● WORK REQUEST
The material below must be retyped in full, with every line kept exactly as it is.

● INPUT
(* Assume (A1)–(A5) (see context) with $q\ge 2$, and choose the quantile level $p=1-\eta$. Suppose $$\kappa := (1-\eta)p\mu -\eta L - (1-p)^{-1/q}A_q\big(1 -p(1-\eta)\big) > 0 \quad\text{with } p=1-\eta,$$ and that the step size $\beta>0$ satisfies both $$\beta < \frac{1}{4}\,\frac{\kappa}{\mu^2 + 6L^2 +16\, \eta^{-2/q}A_q^2}\qquad\text{and}\qquad \beta\le \frac{\eta^{2-2/q}}{\kappa}.$$ Let $\pi_{\beta,1-\eta}$ be the unique invariant probability measure of the QC-SGD Markov chain with parameters $\beta$ and $p=1-\eta$. Then for $\theta\sim\pi_{\beta,1-\eta}$, $$\mathbb{E}\|\theta-\theta^\star\|^2\le\Big(\frac{6\,\eta^{1-1/q}B_q}{\kappa}\Big)^2.$$
   Context: Setting: minimize $\mathcal{L}(\theta)=\mathbb{E}_\zeta[\ell(\theta,\zeta)]$ over $\theta\in\mathbb{R}^d$ (Euclidean norm), using stochastic gradient samples $G(\theta_t,\zeta_t)$. (A1) $\mathcal{L}(\theta') \le \mathcal{L}(\theta)+\langle\nabla\mathcal{L}(\theta),\theta'-\theta\rangle+\frac{L}{2}\|\theta-\theta'\|^2$ for all $\theta,\theta'$, $L<\infty$. (A2) $\mathcal{L}(\theta') \ge \mathcal{L}(\theta)+\langle\nabla\mathcal{L}(\theta),\theta'-\theta\rangle+\frac{\mu}{2}\|\theta-\theta'\|^2$ for all $\theta,\theta'$, $\mu>0$; $\theta^\star$ is the unique minimizer. (A3) $G(\theta_t,\zeta_t)=U_t\check G(\theta_t)+(1-U_t)\widetilde G(\theta_t,\zeta_t)$ with $U_t$ i.i.d. Bernoulli($\eta$), $\eta<1/2$, $\check G(\theta_t)$ from an arbitrary distribution possibly depending on $\theta_t$, and $\widetilde G(\theta_t,\zeta_t)\sim\mathcal{D}_{\mathcal I}(\theta_t)$ the true gradient distribution, independent of the past given $\theta_t$. (A4) $\widetilde G(\theta,\zeta)=\nabla\mathcal{L}(\theta)+\varepsilon_\theta$ with $\mathbb{E}[\varepsilon_\theta\mid\theta]=0$ and $\varepsilon_\theta\sim\delta\nu_{\theta,1}+(1-\delta)\nu_{\theta,2}$, $\delta>0$, where $\nu_{\theta,1}$ has Lebesgue density $h_\theta$ with $\inf_{\|\omega\|\le R}h_\theta(\omega)>\varkappa(R)>0$ for all $R>0$, $\varkappa$ independent of $\theta$. (A5) For all $\theta$: $\mathbb{E}[\|\varepsilon_\theta\|^q\mid\theta]^{1/q}\le A_q\|\theta-\theta^\star\|+B_q$, with $A_q,B_q>0$. QC-SGD with step size $\beta$ and quantile level $p$: $\theta_{t+1}=\theta_t-\alpha_{\theta_t}\beta G(\theta_t,\zeta_t)$, $\alpha_{\theta}=\min(1,\tau_\theta/\|G(\theta,\zeta)\|)$, $\tau_\theta=Q_p(\|\widetilde G(\theta,\zeta)\|)$ the $p$-quantile of the norm of an uncorrupted gradient sample at $\theta$. Under the stated conditions the chain $(\theta_t)$ admits a unique invariant probability measure $\pi_{\beta,p}$. *)

theory Defs
  imports "HOL-Probability.Probability"
begin

definition quantile_norm :: "'a::euclidean_space measure \<Rightarrow> real \<Rightarrow> real" where
  "quantile_norm M p = Inf {t::real. p \<le> measure M {x \<in> space M. norm x \<le> t}}"

definition qcsgd_step :: "real \<Rightarrow> real \<Rightarrow> 'a::euclidean_space \<Rightarrow> 'a \<Rightarrow> 'a" where
  "qcsgd_step \<beta> \<tau> \<theta> g = \<theta> - (min 1 (\<tau> / norm g) * \<beta>) *\<^sub>R g"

● RESULT OF THIS EXERCISE
(* Assume (A1)–(A5) (see context) with $q\ge 2$, and choose the quantile level $p=1-\eta$. Suppose $$\kappa := (1-\eta)p\mu -\eta L - (1-p)^{-1/q}A_q\big(1 -p(1-\eta)\big) > 0 \quad\text{with } p=1-\eta,$$ and that the step size $\beta>0$ satisfies both $$\beta < \frac{1}{4}\,\frac{\kappa}{\mu^2 + 6L^2 +16\, \eta^{-2/q}A_q^2}\qquad\text{and}\qquad \beta\le \frac{\eta^{2-2/q}}{\kappa}.$$ Let $\pi_{\beta,1-\eta}$ be the unique invariant probability measure of the QC-SGD Markov chain with parameters $\beta$ and $p=1-\eta$. Then for $\theta\sim\pi_{\beta,1-\eta}$, $$\mathbb{E}\|\theta-\theta^\star\|^2\le\Big(\frac{6\,\eta^{1-1/q}B_q}{\kappa}\Big)^2.$$
   Context: Setting: minimize $\mathcal{L}(\theta)=\mathbb{E}_\zeta[\ell(\theta,\zeta)]$ over $\theta\in\mathbb{R}^d$ (Euclidean norm), using stochastic gradient samples $G(\theta_t,\zeta_t)$. (A1) $\mathcal{L}(\theta') \le \mathcal{L}(\theta)+\langle\nabla\mathcal{L}(\theta),\theta'-\theta\rangle+\frac{L}{2}\|\theta-\theta'\|^2$ for all $\theta,\theta'$, $L<\infty$. (A2) $\mathcal{L}(\theta') \ge \mathcal{L}(\theta)+\langle\nabla\mathcal{L}(\theta),\theta'-\theta\rangle+\frac{\mu}{2}\|\theta-\theta'\|^2$ for all $\theta,\theta'$, $\mu>0$; $\theta^\star$ is the unique minimizer. (A3) $G(\theta_t,\zeta_t)=U_t\check G(\theta_t)+(1-U_t)\widetilde G(\theta_t,\zeta_t)$ with $U_t$ i.i.d. Bernoulli($\eta$), $\eta<1/2$, $\check G(\theta_t)$ from an arbitrary distribution possibly depending on $\theta_t$, and $\widetilde G(\theta_t,\zeta_t)\sim\mathcal{D}_{\mathcal I}(\theta_t)$ the true gradient distribution, independent of the past given $\theta_t$. (A4) $\widetilde G(\theta,\zeta)=\nabla\mathcal{L}(\theta)+\varepsilon_\theta$ with $\mathbb{E}[\varepsilon_\theta\mid\theta]=0$ and $\varepsilon_\theta\sim\delta\nu_{\theta,1}+(1-\delta)\nu_{\theta,2}$, $\delta>0$, where $\nu_{\theta,1}$ has Lebesgue density $h_\theta$ with $\inf_{\|\omega\|\le R}h_\theta(\omega)>\varkappa(R)>0$ for all $R>0$, $\varkappa$ independent of $\theta$. (A5) For all $\theta$: $\mathbb{E}[\|\varepsilon_\theta\|^q\mid\theta]^{1/q}\le A_q\|\theta-\theta^\star\|+B_q$, with $A_q,B_q>0$. QC-SGD with step size $\beta$ and quantile level $p$: $\theta_{t+1}=\theta_t-\alpha_{\theta_t}\beta G(\theta_t,\zeta_t)$, $\alpha_{\theta}=\min(1,\tau_\theta/\|G(\theta,\zeta)\|)$, $\tau_\theta=Q_p(\|\widetilde G(\theta,\zeta)\|)$ the $p$-quantile of the norm of an uncorrupted gradient sample at $\theta$. Under the stated conditions the chain $(\theta_t)$ admits a unique invariant probability measure $\pi_{\beta,p}$. *)

theory Defs
  imports "HOL-Probability.Probability"
begin

definition quantile_norm :: "'a::euclidean_space measure \<Rightarrow> real \<Rightarrow> real" where
  "quantile_norm M p = Inf {t::real. p \<le> measure M {x \<in> space M. norm x \<le> t}}"

definition qcsgd_step :: "real \<Rightarrow> real \<Rightarrow> 'a::euclidean_space \<Rightarrow> 'a \<Rightarrow> 'a" where
  "qcsgd_step \<beta> \<tau> \<theta> g = \<theta> - (min 1 (\<tau> / norm g) * \<beta>) *\<^sub>R g"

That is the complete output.